Upstate Homes At Risk For Frozen, Broken Water Pipes (Image 1)
Upstate Homes At Risk For Frozen, Broken Water Pipes (Image 1)

Temperatures below freezing mean water pipes are at risk. Countless in the Upstate woke up Tuesday morning without water or a broken pipe.

A pipe from Earl Gamel’s water heater froze and broke overnight. The rupture sent water through the chandelier in Gamel’s dinning room into the kitchen.

“I heard something that sounded like the Saluda River,” Gamel says.

He estimates 100 gallons dumped into his kitchen.

“There was no water, no way to do anything, take showers or do anything,” says Williamston Resident Dawn Cameron.

Pipes to the homes in Cameron’s neighborhood froze. No one has water. It’s a frustrating situation but all she can do is laugh.

“You can’t throw a fit about it,” Cameron says.

Rusty Tillman had water Tuesday morning, just the wrong kind.

“I had water but I didn’t have hot water,” Tillman says, “I see this gusher on the side of the house and I had a blown pipe.”

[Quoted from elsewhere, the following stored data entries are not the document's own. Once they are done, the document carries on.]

(* Assume $m$ satisfies (H1) with index $n\in\mathbb{N}^\star$ and (H2a), and let $K$ be as in the context. Then there is $C>0$ such that $$|\nabla^lK(x)|\le C|x|^{-(l+1)}\big(m(|x|^{-1})+1\big)\quad\text{for all }x\in\mathbb{R}^2\setminus\{0\},\ l\in\{0,1,\dots,n+1\}.$$
   Context: $m:(0,\infty)\to\mathbb{R}$. (H1) with index $n$: $m\in C^{n+4}(\mathbb{R}_+)$; $m>0$, $m'\ge0$ on $(0,\infty)$; $\lim_{r\to0^+}rm'(r)$ exists; $|\frac{\mathrm d^k}{\mathrm dr^k}m'(r)|\le Cr^{-k}m'(r)$ for $k=1,\dots,n+3$, $r>0$. (H2a): with $\widetilde m(r)=m(e^r)$, there exist $\beta\in[0,+\infty]$, $\beta_1\in[0,\infty)$, $\beta_2\in(-2,\infty)$ with $\lim_{r\to\infty}m(r)=\infty$, $\lim\frac{r(\log r)\widetilde m'(r)}{\widetilde m(r)}=\beta$, $\lim\frac{r\widetilde m'(r)}{\widetilde m(r)}=\beta_1$, $\lim\frac{r\widetilde m''(r)}{\widetilde m'(r)}=\beta_2$ (as $r\to\infty$). $m(0^+)=\lim_{r\to0^+}m(r)$; $G(\rho)=\frac{1}{2\pi}m(0^+)+\frac{1}{2\pi}\int_0^\infty J_0(\rho r)m'(r)\,\mathrm dr$ with $J_0$ the zero-order Bessel function; $K(x)=\frac{x^\perp}{|x|^2}G(|x|)$ with $x^\perp=(x_2,-x_1)$. *)

theory Defs
  imports "HOL-Analysis.Analysis"
begin

definition bessel_J0 :: "real \<Rightarrow> real" where
  "bessel_J0 x = (\<Sum>k. (-1) ^ k / (fact k)^2 * (x / 2) ^ (2 * k))"

definition H1 :: "nat \<Rightarrow> (real \<Rightarrow> real) \<Rightarrow> bool" where
  "H1 n m \<longleftrightarrow>
     (\<forall>k < n + 4. \<forall>r > 0. ((deriv ^^ k) m has_real_derivative (deriv ^^ Suc k) m r) (at r)) \<and>
     continuous_on {0<..} ((deriv ^^ (n + 4)) m) \<and>
     (\<forall>r > 0. m r > 0 \<and> deriv m r \<ge> 0) \<and>
     (\<exists>L. ((\<lambda>r. r * deriv m r) \<longlongrightarrow> L) (at_right 0)) \<and>
     (\<exists>C. \<forall>k \<in> {1..n+3}. \<forall>r > 0.
        \<bar>(deriv ^^ k) (deriv m) r\<bar> \<le> C * r powr (- real k) * deriv m r)"

definition H2a :: "(real \<Rightarrow> real) \<Rightarrow> bool" where
  "H2a m \<longleftrightarrow>
     (let mt = (\<lambda>s. m (exp s)) in
      filterlim m at_top at_top \<and>
      (\<exists>\<beta>::ereal. \<beta> \<ge> 0 \<and>
         ((\<lambda>r. ereal (r * ln r * deriv mt r / mt r)) \<longlongrightarrow> \<beta>) at_top) \<and>
      (\<exists>\<beta>1::real. \<beta>1 \<ge> 0 \<and> ((\<lambda>r. r * deriv mt r / mt r) \<longlongrightarrow> \<beta>1) at_top) \<and>
      (\<exists>\<beta>2::real. \<beta>2 > -2 \<and>
         ((\<lambda>r. r * deriv (deriv mt) r / deriv mt r) \<longlongrightarrow> \<beta>2) at_top))"

definition m0plus :: "(real \<Rightarrow> real) \<Rightarrow> real" where
  "m0plus m = Lim (at_right 0) m"

definition Gfun :: "(real \<Rightarrow> real) \<Rightarrow> real \<Rightarrow> real" where
  "Gfun m \<rho> = m0plus m / (2 * pi)
      + (1 / (2 * pi)) * integral {0<..} (\<lambda>r. bessel_J0 (\<rho> * r) * deriv m r)"

definition perp :: "real^2 \<Rightarrow> real^2" where
  "perp x = (\<chi> i. if i = 1 then x $ 2 else - (x $ 1))"

definition Kker :: "(real \<Rightarrow> real) \<Rightarrow> real^2 \<Rightarrow> real^2" where
  "Kker m x = (Gfun m (norm x) / (norm x)^2) *\<^sub>R perp x"

fun pd :: "2 list \<Rightarrow> (real^2 \<Rightarrow> real^2) \<Rightarrow> real^2 \<Rightarrow> real^2" where
  "pd [] F = F"
| "pd (i # is) F = (\<lambda>x. frechet_derivative (pd is F) (at x) (axis i 1))"

end

theory Submission
  imports Defs
begin

(* Write T psi (rho) = int_0^oo J0(rho r) psi(r) dr, so that G = m(0+)/(2 pi) + T m' / (2 pi).
   The heart of the proof is that T m' is a symbol of order 0 for the weight w(rho) = m(1/rho) + 1:
   all its Euler derivatives (rho d/drho)^k T m', k <= n + 1, are O(w).

   Two facts give this. First, rho d/drho T psi = - T (psi + r psi'), by an integration by parts in r
   (rho d/drho J0(rho r) = r d/dr J0(rho r)); by (H1) the Euler derivatives of m' are O(m'), so
   derivatives of T m' are again transforms of functions that are O(m'). Second,
   |T psi (rho)| <= C w(rho) whenever psi and r psi' are O(m'): split the integral at r = 1/rho.
   The near part is O(int_0^(1/rho) m') = O(m(1/rho)). On the far part integrate by parts once
   more, using (x J1)' = x J0 and |J0|, |J1| <= 2 min(1, x^(-1/2)) (a Lyapunov argument for
   J0^2 + J1^2); by (H2a) m(r) + 1 grows at most like r^(1/4), which makes the remaining integral
   converge with the right bound.

   Finally K(x) = (G(|x|) / |x|^2) x^perp, and a derivative of a(|x|) x1^i x2^j v, where a is a
   symbol of order s - i - j, is a sum of terms of the same kind of order s - 1. Hence each
   derivative of order l of K is O(|x|^(-1-l) w(|x|)). *)

section \<open>The Bessel functions \<open>J\<^sub>0\<close> and \<open>J\<^sub>1\<close>\<close>

definition bessel_coeff0 :: "nat \<Rightarrow> real" where
  "bessel_coeff0 k = (-1)^k / (fact k)^2"

definition bessel_coeff1 :: "nat \<Rightarrow> real" where
  "bessel_coeff1 k = (-1)^k / (fact k * fact (Suc k))"

definition bessel_coeff1_shifted :: "nat \<Rightarrow> real" where
  "bessel_coeff1_shifted k = (if k = 0 then 0 else bessel_coeff1 (k - 1))"

definition bessel_F0 :: "real \<Rightarrow> real" where
  "bessel_F0 y = (\<Sum>k. bessel_coeff0 k * y^k)"

definition bessel_F1 :: "real \<Rightarrow> real" where
  "bessel_F1 y = (\<Sum>k. bessel_coeff1 k * y^k)"

definition bessel_J1 :: "real \<Rightarrow> real" where
  "bessel_J1 x = x / 2 * bessel_F1 (x^2 / 4)"

lemma summable_powser_if_coeff_le_inverse_fact:
  assumes "\<And>k. \<bar>c k\<bar> \<le> 1 / fact k"
  shows "summable (\<lambda>k. c k * (y::real)^k)"
proof (rule summable_comparison_test[OF _ summable_exp[of "\<bar>y\<bar>"]])
  show "\<exists>N. \<forall>n\<ge>N. norm (c n * y ^ n) \<le> inverse (fact n) * \<bar>y\<bar> ^ n"
    using assms by (auto simp: abs_mult power_abs divide_inverse intro!: mult_right_mono)
qed

lemma abs_bessel_coeff0_le: "\<bar>bessel_coeff0 k\<bar> \<le> 1 / fact k"
proof -
  have "\<bar>bessel_coeff0 k\<bar> = 1 / (fact k)^2" by (simp add: bessel_coeff0_def abs_div power_abs)
  also have "\<dots> \<le> 1 / fact k" by (intro divide_left_mono) (auto simp: power2_eq_square)
  finally show ?thesis .
qed

lemma abs_bessel_coeff1_le: "\<bar>bessel_coeff1 k\<bar> \<le> 1 / fact k"
proof -
  have "(fact k :: real) \<le> fact k * fact (Suc k)"
    using fact_ge_1[of "Suc k", where 'a=real] fact_gt_zero[of k, where 'a=real]
    by (simp only: mult_le_cancel_left1) auto
  hence "1 / (fact k * fact (Suc k)) \<le> 1 / (fact k :: real)"
    by (intro divide_left_mono) auto
  thus ?thesis by (simp add: bessel_coeff1_def abs_div power_abs)
qed

lemma abs_bessel_coeff1_shifted_le: "\<bar>bessel_coeff1_shifted k\<bar> \<le> 1 / fact k"
proof (cases k)
  case (Suc j)
  have "\<bar>bessel_coeff1_shifted k\<bar> = 1 / fact k * (1 / fact j)"
    using Suc by (simp add: bessel_coeff1_shifted_def bessel_coeff1_def abs_div power_abs field_simps)
  also have "\<dots> \<le> 1 / fact k" by (auto simp: fact_ge_1 divide_le_eq)
  finally show ?thesis .
qed (simp add: bessel_coeff1_shifted_def)

lemma diffs_bessel_coeff0: "diffs bessel_coeff0 = (\<lambda>k. - bessel_coeff1 k)"
proof
  fix k
  have "diffs bessel_coeff0 k = real (Suc k) * ((-1)^Suc k / (fact (Suc k))^2)"
    by (simp add: diffs_def bessel_coeff0_def)
  also have "\<dots> = - bessel_coeff1 k" unfolding bessel_coeff1_def
    by (simp add: power2_eq_square field_simps del: of_nat_Suc)
  finally show "diffs bessel_coeff0 k = - bessel_coeff1 k" .
qed

lemma diffs_bessel_coeff1_shifted: "diffs bessel_coeff1_shifted = bessel_coeff0"
  by (rule ext) (simp add: diffs_def bessel_coeff1_shifted_def bessel_coeff1_def bessel_coeff0_def
      power2_eq_square field_simps del: of_nat_Suc)

lemma has_real_derivative_bessel_F0: "(bessel_F0 has_real_derivative - bessel_F1 y) (at y)"
proof -
  have "((\<lambda>x. \<Sum>k. bessel_coeff0 k * x^k) has_field_derivative (\<Sum>k. diffs bessel_coeff0 k * y^k)) (at y)"
    by (intro termdiffs_strong_converges_everywhere summable_powser_if_coeff_le_inverse_fact
        abs_bessel_coeff0_le)
  moreover have "(\<Sum>k. diffs bessel_coeff0 k * y^k) = - bessel_F1 y"
    using suminf_minus[OF summable_powser_if_coeff_le_inverse_fact[OF abs_bessel_coeff1_le, of y]]
    by (simp add: diffs_bessel_coeff0 bessel_F1_def)
  ultimately show ?thesis unfolding bessel_F0_def by simp
qed

lemma bessel_coeff1_shifted_powser: "(\<Sum>k. bessel_coeff1_shifted k * y^k) = y * bessel_F1 y"
proof -
  have "(\<lambda>k. bessel_coeff1_shifted (Suc k) * y^Suc k) sums (y * bessel_F1 y)"
    unfolding bessel_F1_def
    using sums_mult[OF summable_sums[OF summable_powser_if_coeff_le_inverse_fact[OF abs_bessel_coeff1_le]], of y]
    by (simp add: bessel_coeff1_shifted_def mult_ac)
  hence "(\<lambda>k. bessel_coeff1_shifted k * y^k) sums (y * bessel_F1 y)"
    using sums_Suc_iff[of "\<lambda>k. bessel_coeff1_shifted k * y^k"] by (simp add: bessel_coeff1_shifted_def)
  thus ?thesis by (simp add: sums_iff)
qed

lemma has_real_derivative_times_bessel_F1: "((\<lambda>y. y * bessel_F1 y) has_real_derivative bessel_F0 y) (at y)"
proof -
  have "((\<lambda>x. \<Sum>k. bessel_coeff1_shifted k * x^k) has_field_derivative
          (\<Sum>k. diffs bessel_coeff1_shifted k * y^k)) (at y)"
    by (intro termdiffs_strong_converges_everywhere summable_powser_if_coeff_le_inverse_fact
        abs_bessel_coeff1_shifted_le)
  thus ?thesis unfolding diffs_bessel_coeff1_shifted bessel_coeff1_shifted_powser bessel_F0_def by simp
qed

lemma bessel_F1_differentiable: "\<exists>D. (bessel_F1 has_real_derivative D) (at y)"
  using termdiffs_strong_converges_everywhere[OF summable_powser_if_coeff_le_inverse_fact[OF abs_bessel_coeff1_le]]
  unfolding bessel_F1_def by blast

lemma bessel_J0_eq_F0: "bessel_J0 x = bessel_F0 (x^2 / 4)"
  unfolding bessel_J0_def bessel_F0_def bessel_coeff0_def by (simp add: power_mult power_divide)

lemma has_real_derivative_bessel_J0: "(bessel_J0 has_real_derivative - bessel_J1 x) (at x)"
proof -
  have "((\<lambda>x. bessel_F0 (x^2 / 4)) has_real_derivative (- bessel_F1 (x^2 / 4)) * (2 * x / 4)) (at x)"
    by (rule DERIV_chain2[OF has_real_derivative_bessel_F0]) (auto intro!: derivative_eq_intros)
  thus ?thesis unfolding bessel_J0_eq_F0[abs_def] bessel_J1_def by (simp add: field_simps)
qed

Pipes will continue to be at risk until the “Polar Vortex” leaves. Plumbers say water expands when it freezes so if you have pipes that are partially frozen now they’re may already have slightly broken. After the pipe thaws out, you’ll find the leak.

To prevent frozen pipes:

  • Keep the pipes warm: Thermostat should be above 55 degrees.
  • Let the faucet drip so that water continues to move, and doesn’t have a chance to freeze
  • Open cabinets around pipes so that warm air circulates around the pipes.